Opern des Barock von Monteverdi bis Mozart
Unsere Opernhäuser wetteifern mit Programmheften, die immer prächtiger, immer aufwändiger (leider auch immer kostspieliger) sind und die sich an einigen Orten längst zu regelrechten Büchern ausgewachsen haben: Zeichen nicht zuletzt des zunehmenden Einflusses der Dramaturgen auf die Profilierung ihrer Institute. Eine Vorreiterrolle hat dabei seit den Tagen August Everdings die Bayerische Staatsoper München gespielt noch verstärkt, seit dort Hanspeter Krellmann von 1984 bis 2002 als Chefdramaturg wirkte. Inzwischen sind die Programmhefte des Hauses zu regelrechten Sammlerobjekten geworden (in Konkurrenz zu den geradezu bibliophilen Kostbarkeiten der Berliner Staatsoper).

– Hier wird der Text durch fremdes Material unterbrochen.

lemma two_sums_lessThan_fps_if_odd_eq_even:
  fixes g :: "nat \<Rightarrow> 'a::field"
  assumes "odd_fps g = even_fps g"
  shows "2 * sums_lessThan_fps g = (1 + fps_X) * sums_atMost_fps g"
proof -
  have "(1 - fps_X) * (2 * sums_lessThan_fps g) = 2 * (fps_X * even_fps g + odd_fps g)"
    by (simp only: mult.left_commute[of "1 - fps_X"] one_minus_X_mult_sums_lessThan_fps)
  also have "\<dots> = (1 + fps_X) * (even_fps g + odd_fps g)"
    using assms by (simp add: algebra_simps)
  also have "\<dots> = (1 - fps_X) * ((1 + fps_X) * sums_atMost_fps g)"
    by (simp only: one_minus_X_mult_sums_atMost_fps[symmetric] mult.left_commute)
  finally show ?thesis
    by simp
qed

lemma two_sums_lessThan_fps_if_odd_eq_X_even:
  fixes g :: "nat \<Rightarrow> 'a::field"
  assumes "odd_fps g = fps_X * even_fps g"
  shows "2 * sums_lessThan_fps g = (1 + fps_X) * (4 * fps_X / (1 + fps_X) ^ 2) * sums_atMost_fps g"
proof -
  have "(1 - fps_X) * ((1 + fps_X) * (2 * sums_lessThan_fps g))
      = 2 * (1 + fps_X) * (fps_X * even_fps g + odd_fps g)"
    by (simp only: mult.left_commute[of "1 - fps_X"] one_minus_X_mult_sums_lessThan_fps)
      (simp add: algebra_simps)
  also have "\<dots> = 4 * fps_X * (even_fps g + odd_fps g)"
    using assms by (simp add: algebra_simps)
  also have "\<dots> = (1 - fps_X) * ((1 + fps_X) ^ 2 * (4 * fps_X / (1 + fps_X) ^ 2) * sums_atMost_fps g)"
    by (simp add: one_minus_X_mult_sums_atMost_fps[symmetric] mult_ac)
  finally have "(1 + fps_X) * (2 * sums_lessThan_fps g)
      = (1 + fps_X) * ((1 + fps_X) * (4 * fps_X / (1 + fps_X) ^ 2) * sums_atMost_fps g)"
    by (simp add: power2_eq_square mult_ac)
  then show ?thesis
    by simp
qed

lemma sums_atMost_fps_chain_count_Suc:
  fixes D :: "nat \<Rightarrow> bool"
  assumes "n \<ge> 1"
  shows "(1 - fps_X) * sums_atMost_fps (chain_count (Suc n) D) =
    (1 + fps_X) * (4 * fps_X / (1 + fps_X) ^ 2) ^ of_bool (left_peak D n)
      * (sums_atMost_fps (chain_count n D) :: 'a::field fps)"
proof (cases "D n")
  case False
  then have rec: "chain_count (Suc n) D v = (\<Sum>u | enriched_le False u v. chain_count n D u)" for v
    by (simp add: chain_count_Suc[OF assms])
  have "(1 - fps_X) * sums_atMost_fps (chain_count (Suc n) D)
      = (1 + fps_X) * (sums_atMost_fps (chain_count n D) :: 'a fps)"
    by (simp add: one_minus_X_mult_sums_atMost_fps even_odd_fps_ascent[OF rec] distrib_right)
  then show ?thesis
    using False by (simp add: left_peak_def)
next
  case descent: True
  then have rec: "chain_count (Suc n) D v = (\<Sum>u | enriched_le True u v. chain_count n D u)" for v
    by (simp add: chain_count_Suc[OF assms])
  have step: "(1 - fps_X) * sums_atMost_fps (chain_count (Suc n) D)
      = 2 * (sums_lessThan_fps (chain_count n D) :: 'a fps)"
    by (simp add: one_minus_X_mult_sums_atMost_fps even_odd_fps_descent[OF rec])
  note odd = odd_fps_chain_count[OF assms, of D, where 'a = 'a]
  show ?thesis
  proof (cases "2 \<le> n \<and> D (n - 1)")
    case True
    have "2 * sums_lessThan_fps (chain_count n D) = (1 + fps_X) * (sums_atMost_fps (chain_count n D) :: 'a fps)"
      by (rule two_sums_lessThan_fps_if_odd_eq_even[OF odd[unfolded if_P[OF True]]])
    with step True show ?thesis
      by (simp add: left_peak_def)
  next
    case False
    have "2 * sums_lessThan_fps (chain_count n D) =
        (1 + fps_X) * (4 * fps_X / (1 + fps_X) ^ 2) * (sums_atMost_fps (chain_count n D) :: 'a fps)"
      by (rule two_sums_lessThan_fps_if_odd_eq_X_even[OF odd[unfolded if_not_P[OF False]]])
    moreover have "left_peak D n"
      using descent False assms by (auto simp: left_peak_def)
    ultimately show ?thesis
      using step by simp
  qed
qed

lemma sums_atMost_fps_chain_count_closed_form:
  fixes D :: "nat \<Rightarrow> bool"
  assumes "n \<ge> 1"
  shows "(1 - fps_X) ^ (n + 1) * (sums_atMost_fps (chain_count n D) :: 'a::field fps) =
    (1 + fps_X) ^ n * (4 * fps_X / (1 + fps_X) ^ 2) ^ left_peak_count n D"
  using assms
proof (induction n rule: nat_induct_at_least)
  case base
  let ?g = "chain_count (Suc 0) D :: nat \<Rightarrow> 'a"
  have E: "(1 - fps_X) * even_fps ?g = 1"
    by (rule fps_ext) (simp add: fps_nth_one_minus_X_mult even_fps_def chain_count_Suc_0)
  have "odd_fps ?g = fps_X * even_fps ?g"
    using odd_fps_chain_count[of "Suc 0" D] by simp
  then have S: "(1 - fps_X) * sums_atMost_fps ?g = (1 + fps_X) * even_fps ?g"
    using one_minus_X_mult_sums_atMost_fps[of ?g] by (simp add: distrib_right)
  have "(1 - fps_X) ^ (1 + 1) * sums_atMost_fps ?g = (1 - fps_X) * ((1 - fps_X) * sums_atMost_fps ?g)"
    by (simp add: power2_eq_square mult.assoc)
  also have "\<dots> = (1 + fps_X) * ((1 - fps_X) * even_fps ?g)"
    by (simp add: S mult.left_commute)
  also have "\<dots> = 1 + fps_X"
    by (simp add: E)
  finally show ?case
    using left_peak_count_Suc[of 0 D] by (simp add: left_peak_def)
next
  case (Suc n)
  let ?c = "4 * fps_X / (1 + fps_X) ^ 2 :: 'a fps"
  have "(1 - fps_X) ^ (Suc n + 1) * sums_atMost_fps (chain_count (Suc n) D)
      = (1 - fps_X) ^ (n + 1) * ((1 - fps_X) * sums_atMost_fps (chain_count (Suc n) D))"
    by (simp add: mult_ac)
  also have "\<dots> = (1 + fps_X) * ?c ^ of_bool (left_peak D n)
      * ((1 - fps_X) ^ (n + 1) * sums_atMost_fps (chain_count n D))"
    by (simp add: sums_atMost_fps_chain_count_Suc[OF Suc.hyps] mult_ac)
  also have "\<dots> = (1 + fps_X) * ?c ^ of_bool (left_peak D n)
      * ((1 + fps_X) ^ n * ?c ^ left_peak_count n D)"
    by (simp only: Suc.IH)
  also have "\<dots> = (1 + fps_X) ^ Suc n * ?c ^ left_peak_count (Suc n) D"
    by (simp only: left_peak_count_Suc power_add power_Suc mult_ac)
  finally show ?case .
qed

Am Ende seiner Tätigkeit hat Krellmann zusammen mit dem Münchner Theaterwissenschaftler Jürgen Schläder den hier angezeigten Sammelband herausgebracht, der noch einmal eine Auswahl der interessantesten, immer wieder neue Perspektiven erschließenden Beiträge zu den Münchner Neuinszenierungen zwischen Monteverdis LOrfeo und Mozarts La clemenza di Tito bietet. Für die Qualität dieser Beiträge stehen Autoren wie Udo Bermbach, Barbara Zuber, Hans Joachim Marx, Robert Braunmüller, Herbert Rosendorfer, Uwe Schweikert und Dietmar Holland allein siebenmal Schläder (dagegen nicht ein einziges Mal Krellmann).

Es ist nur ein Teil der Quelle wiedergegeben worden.